(Saved entries)
Segment Open

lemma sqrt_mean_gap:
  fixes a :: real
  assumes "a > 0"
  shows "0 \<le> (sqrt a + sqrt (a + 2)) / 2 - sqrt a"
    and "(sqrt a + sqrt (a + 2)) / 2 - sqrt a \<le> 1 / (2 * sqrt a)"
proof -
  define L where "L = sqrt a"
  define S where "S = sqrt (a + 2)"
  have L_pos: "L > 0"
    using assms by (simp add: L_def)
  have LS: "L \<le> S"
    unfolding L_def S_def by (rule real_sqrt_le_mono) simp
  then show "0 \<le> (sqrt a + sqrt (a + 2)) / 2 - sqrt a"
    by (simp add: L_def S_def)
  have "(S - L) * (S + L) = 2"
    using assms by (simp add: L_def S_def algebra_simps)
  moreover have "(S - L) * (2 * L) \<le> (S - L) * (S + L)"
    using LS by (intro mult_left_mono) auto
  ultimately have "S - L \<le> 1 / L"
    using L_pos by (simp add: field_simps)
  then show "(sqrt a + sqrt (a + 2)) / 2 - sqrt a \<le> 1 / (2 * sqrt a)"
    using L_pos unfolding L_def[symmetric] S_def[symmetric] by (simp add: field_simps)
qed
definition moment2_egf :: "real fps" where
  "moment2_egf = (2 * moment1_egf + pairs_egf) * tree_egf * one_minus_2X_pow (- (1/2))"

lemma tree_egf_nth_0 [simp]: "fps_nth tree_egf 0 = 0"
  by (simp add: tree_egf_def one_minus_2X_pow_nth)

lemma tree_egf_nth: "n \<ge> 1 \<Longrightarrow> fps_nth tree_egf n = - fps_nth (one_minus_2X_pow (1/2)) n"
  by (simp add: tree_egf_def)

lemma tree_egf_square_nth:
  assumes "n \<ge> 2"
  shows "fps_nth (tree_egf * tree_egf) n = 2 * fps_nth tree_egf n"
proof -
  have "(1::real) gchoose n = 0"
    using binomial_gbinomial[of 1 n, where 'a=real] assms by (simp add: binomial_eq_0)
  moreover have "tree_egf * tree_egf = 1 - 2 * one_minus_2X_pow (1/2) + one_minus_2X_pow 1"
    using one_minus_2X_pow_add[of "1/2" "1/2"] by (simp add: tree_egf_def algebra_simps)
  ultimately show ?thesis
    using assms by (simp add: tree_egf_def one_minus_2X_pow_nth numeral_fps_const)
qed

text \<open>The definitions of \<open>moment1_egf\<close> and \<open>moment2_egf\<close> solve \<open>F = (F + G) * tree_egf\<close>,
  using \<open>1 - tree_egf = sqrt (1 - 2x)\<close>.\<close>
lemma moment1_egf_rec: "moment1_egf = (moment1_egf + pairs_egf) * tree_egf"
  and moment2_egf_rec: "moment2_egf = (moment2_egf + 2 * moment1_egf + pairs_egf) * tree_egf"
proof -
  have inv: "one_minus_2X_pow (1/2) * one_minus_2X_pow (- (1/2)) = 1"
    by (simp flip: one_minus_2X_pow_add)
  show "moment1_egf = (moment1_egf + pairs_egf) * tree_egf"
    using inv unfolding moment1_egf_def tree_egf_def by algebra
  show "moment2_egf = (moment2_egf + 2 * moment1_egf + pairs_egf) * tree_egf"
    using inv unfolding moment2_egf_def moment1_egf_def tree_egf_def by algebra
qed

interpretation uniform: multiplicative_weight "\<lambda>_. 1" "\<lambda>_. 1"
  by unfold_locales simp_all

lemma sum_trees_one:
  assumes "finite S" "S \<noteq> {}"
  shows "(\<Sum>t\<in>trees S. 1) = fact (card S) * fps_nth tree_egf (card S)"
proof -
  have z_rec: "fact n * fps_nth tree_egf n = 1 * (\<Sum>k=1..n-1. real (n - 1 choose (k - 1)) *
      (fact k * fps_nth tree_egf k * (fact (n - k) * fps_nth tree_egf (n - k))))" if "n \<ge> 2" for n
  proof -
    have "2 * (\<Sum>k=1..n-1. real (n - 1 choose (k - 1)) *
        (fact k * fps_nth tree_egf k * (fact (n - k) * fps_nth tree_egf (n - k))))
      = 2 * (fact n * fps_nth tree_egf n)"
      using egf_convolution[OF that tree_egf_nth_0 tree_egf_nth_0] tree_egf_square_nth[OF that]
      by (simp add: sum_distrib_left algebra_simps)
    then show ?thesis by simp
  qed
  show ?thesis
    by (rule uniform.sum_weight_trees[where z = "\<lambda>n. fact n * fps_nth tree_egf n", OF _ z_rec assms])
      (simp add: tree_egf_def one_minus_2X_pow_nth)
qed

Segment Closed

PROBLEM: For the word "lemma", show every line of the entries that holds it.

EXERCISE RESPONSE:
lemma sqrt_mean_gap:
lemma tree_egf_nth_0 [simp]: "fps_nth tree_egf 0 = 0"
lemma tree_egf_nth: "n \<ge> 1 \<Longrightarrow> fps_nth tree_egf n = - fps_nth (one_minus_2X_pow (1/2)) n"
lemma tree_egf_square_nth:
lemma moment1_egf_rec: "moment1_egf = (moment1_egf + pairs_egf) * tree_egf"
lemma sum_trees_one:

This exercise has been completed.